Task directions:
Exactly the lines below from the one with "norm x = norm" up to and including the one with "('a \<Rightarrow>\<^sub>L real) \<Rightarrow> ('a" make up the answer, with nothing else added.

-- Opening Marker --

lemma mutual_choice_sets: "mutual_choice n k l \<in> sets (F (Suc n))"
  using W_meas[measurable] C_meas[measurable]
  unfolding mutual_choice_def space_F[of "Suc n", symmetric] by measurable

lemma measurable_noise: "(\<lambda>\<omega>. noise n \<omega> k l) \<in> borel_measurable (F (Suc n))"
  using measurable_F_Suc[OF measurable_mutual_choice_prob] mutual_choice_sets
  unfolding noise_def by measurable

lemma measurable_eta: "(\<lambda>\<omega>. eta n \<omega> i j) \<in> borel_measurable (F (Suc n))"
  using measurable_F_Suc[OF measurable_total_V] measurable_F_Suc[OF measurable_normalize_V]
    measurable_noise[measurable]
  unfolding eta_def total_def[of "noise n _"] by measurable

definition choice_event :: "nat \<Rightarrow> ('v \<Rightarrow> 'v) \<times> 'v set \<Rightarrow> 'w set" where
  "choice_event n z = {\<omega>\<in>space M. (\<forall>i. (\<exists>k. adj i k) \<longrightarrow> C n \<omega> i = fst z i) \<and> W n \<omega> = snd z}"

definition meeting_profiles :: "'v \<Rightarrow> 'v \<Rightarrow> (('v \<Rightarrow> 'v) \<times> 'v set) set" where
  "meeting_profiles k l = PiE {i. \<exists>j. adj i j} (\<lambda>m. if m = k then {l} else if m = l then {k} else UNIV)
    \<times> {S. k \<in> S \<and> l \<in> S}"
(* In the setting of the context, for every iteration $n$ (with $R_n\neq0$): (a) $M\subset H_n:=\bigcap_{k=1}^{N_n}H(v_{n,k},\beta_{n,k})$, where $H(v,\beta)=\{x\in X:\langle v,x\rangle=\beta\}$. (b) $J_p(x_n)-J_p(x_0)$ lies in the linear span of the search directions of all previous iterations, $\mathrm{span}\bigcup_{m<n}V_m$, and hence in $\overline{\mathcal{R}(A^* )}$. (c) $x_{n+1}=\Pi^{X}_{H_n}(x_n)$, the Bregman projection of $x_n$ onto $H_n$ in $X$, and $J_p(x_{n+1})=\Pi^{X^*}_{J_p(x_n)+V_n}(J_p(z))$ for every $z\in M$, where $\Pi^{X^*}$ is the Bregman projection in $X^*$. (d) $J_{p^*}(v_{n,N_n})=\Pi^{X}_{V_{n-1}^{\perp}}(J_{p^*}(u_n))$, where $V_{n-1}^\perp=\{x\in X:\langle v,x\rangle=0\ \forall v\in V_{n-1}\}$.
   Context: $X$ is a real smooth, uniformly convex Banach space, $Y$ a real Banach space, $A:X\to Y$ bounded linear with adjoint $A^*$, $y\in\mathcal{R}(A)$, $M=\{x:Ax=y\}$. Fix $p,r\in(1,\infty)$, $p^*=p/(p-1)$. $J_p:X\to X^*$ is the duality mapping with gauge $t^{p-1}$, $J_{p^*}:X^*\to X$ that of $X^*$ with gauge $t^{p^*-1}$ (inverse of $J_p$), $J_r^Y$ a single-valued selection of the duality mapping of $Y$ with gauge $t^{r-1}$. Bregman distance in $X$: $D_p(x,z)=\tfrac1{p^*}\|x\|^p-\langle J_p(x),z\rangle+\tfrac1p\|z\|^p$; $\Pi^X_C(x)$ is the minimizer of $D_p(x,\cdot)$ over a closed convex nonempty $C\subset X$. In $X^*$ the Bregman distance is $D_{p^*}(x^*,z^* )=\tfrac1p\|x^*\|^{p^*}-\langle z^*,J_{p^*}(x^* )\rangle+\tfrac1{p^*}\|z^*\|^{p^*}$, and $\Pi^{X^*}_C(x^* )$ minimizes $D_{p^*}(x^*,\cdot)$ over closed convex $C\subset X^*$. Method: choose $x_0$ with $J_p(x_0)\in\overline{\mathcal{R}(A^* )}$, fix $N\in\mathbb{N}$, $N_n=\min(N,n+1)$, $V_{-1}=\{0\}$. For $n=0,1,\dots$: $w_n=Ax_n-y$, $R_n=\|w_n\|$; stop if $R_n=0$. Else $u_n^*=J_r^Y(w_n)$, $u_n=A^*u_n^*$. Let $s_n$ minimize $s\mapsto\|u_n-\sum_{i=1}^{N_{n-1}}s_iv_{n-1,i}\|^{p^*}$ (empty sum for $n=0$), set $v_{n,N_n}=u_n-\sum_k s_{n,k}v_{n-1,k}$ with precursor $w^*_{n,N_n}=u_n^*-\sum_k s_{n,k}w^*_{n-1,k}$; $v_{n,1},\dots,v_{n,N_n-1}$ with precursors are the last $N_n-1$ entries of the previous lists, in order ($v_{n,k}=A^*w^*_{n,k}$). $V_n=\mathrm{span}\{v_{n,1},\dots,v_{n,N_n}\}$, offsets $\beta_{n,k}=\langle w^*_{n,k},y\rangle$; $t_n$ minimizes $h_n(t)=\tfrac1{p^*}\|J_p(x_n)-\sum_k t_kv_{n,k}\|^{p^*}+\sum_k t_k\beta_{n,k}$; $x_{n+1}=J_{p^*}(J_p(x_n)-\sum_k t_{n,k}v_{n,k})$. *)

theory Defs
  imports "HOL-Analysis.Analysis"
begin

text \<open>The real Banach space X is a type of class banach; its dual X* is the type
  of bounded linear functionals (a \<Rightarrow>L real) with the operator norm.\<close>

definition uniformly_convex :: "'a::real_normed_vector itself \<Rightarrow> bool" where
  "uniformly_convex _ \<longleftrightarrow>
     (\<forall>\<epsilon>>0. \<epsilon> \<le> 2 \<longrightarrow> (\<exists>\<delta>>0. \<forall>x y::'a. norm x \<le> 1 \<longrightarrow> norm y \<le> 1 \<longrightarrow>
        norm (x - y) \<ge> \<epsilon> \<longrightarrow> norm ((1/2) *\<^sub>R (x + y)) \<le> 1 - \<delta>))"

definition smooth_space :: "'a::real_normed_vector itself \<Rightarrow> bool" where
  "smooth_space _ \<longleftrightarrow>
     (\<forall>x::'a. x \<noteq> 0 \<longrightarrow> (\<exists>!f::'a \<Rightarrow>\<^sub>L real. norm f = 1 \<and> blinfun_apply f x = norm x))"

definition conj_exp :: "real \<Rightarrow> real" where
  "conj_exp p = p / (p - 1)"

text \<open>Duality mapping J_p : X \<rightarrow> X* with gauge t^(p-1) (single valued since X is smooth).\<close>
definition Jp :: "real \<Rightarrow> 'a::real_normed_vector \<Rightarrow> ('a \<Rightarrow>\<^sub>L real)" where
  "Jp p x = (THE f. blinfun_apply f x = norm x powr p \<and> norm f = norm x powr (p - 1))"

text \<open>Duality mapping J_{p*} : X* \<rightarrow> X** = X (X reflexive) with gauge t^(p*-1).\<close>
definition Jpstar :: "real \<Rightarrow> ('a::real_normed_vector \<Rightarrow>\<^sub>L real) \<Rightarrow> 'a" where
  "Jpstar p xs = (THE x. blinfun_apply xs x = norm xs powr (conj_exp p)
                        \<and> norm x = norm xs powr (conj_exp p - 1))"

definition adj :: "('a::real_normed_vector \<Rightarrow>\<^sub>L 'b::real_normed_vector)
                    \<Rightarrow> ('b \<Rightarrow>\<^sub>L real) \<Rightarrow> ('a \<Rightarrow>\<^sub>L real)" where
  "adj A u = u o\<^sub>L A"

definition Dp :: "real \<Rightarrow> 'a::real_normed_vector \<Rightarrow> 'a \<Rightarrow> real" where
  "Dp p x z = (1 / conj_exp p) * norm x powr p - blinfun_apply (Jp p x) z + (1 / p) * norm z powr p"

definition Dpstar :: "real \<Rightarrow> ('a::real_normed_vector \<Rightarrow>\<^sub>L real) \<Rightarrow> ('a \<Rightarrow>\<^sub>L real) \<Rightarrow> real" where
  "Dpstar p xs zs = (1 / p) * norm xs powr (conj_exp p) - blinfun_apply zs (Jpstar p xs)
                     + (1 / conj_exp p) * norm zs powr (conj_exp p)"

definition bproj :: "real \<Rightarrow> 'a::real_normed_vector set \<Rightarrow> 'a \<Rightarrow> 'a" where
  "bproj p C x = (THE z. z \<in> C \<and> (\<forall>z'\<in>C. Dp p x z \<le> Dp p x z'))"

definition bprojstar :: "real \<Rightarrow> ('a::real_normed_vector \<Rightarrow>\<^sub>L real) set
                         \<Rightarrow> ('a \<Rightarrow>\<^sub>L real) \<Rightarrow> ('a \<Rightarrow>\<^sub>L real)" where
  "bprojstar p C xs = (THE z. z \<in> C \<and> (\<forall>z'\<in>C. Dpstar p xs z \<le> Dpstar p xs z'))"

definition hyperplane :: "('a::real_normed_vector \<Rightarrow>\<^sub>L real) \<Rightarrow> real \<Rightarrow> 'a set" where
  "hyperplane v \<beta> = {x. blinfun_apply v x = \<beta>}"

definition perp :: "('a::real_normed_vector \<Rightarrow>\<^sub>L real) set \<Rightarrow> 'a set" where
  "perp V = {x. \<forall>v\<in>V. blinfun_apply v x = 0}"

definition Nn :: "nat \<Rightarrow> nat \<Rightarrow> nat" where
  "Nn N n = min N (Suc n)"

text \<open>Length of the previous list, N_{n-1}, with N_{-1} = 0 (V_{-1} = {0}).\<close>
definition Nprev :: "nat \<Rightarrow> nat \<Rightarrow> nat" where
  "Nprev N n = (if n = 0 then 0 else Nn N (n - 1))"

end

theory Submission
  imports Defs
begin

-- Closing Marker --

Solution:
                        \<and> norm x = norm xs powr (conj_exp p - 1))"

definition adj :: "('a::real_normed_vector \<Rightarrow>\<^sub>L 'b::real_normed_vector)
                    \<Rightarrow> ('b \<Rightarrow>\<^sub>L real) \<Rightarrow> ('a \<Rightarrow>\<^sub>L real)" where
  "adj A u = u o\<^sub>L A"

definition Dp :: "real \<Rightarrow> 'a::real_normed_vector \<Rightarrow> 'a \<Rightarrow> real" where
  "Dp p x z = (1 / conj_exp p) * norm x powr p - blinfun_apply (Jp p x) z + (1 / p) * norm z powr p"

definition Dpstar :: "real \<Rightarrow> ('a::real_normed_vector \<Rightarrow>\<^sub>L real) \<Rightarrow> ('a \<Rightarrow>\<^sub>L real) \<Rightarrow> real" where
  "Dpstar p xs zs = (1 / p) * norm xs powr (conj_exp p) - blinfun_apply zs (Jpstar p xs)
                     + (1 / conj_exp p) * norm zs powr (conj_exp p)"

definition bproj :: "real \<Rightarrow> 'a::real_normed_vector set \<Rightarrow> 'a \<Rightarrow> 'a" where
  "bproj p C x = (THE z. z \<in> C \<and> (\<forall>z'\<in>C. Dp p x z \<le> Dp p x z'))"

definition bprojstar :: "real \<Rightarrow> ('a::real_normed_vector \<Rightarrow>\<^sub>L real) set
                         \<Rightarrow> ('a \<Rightarrow>\<^sub>L real) \<Rightarrow> ('a \<Rightarrow>\<^sub>L real)" where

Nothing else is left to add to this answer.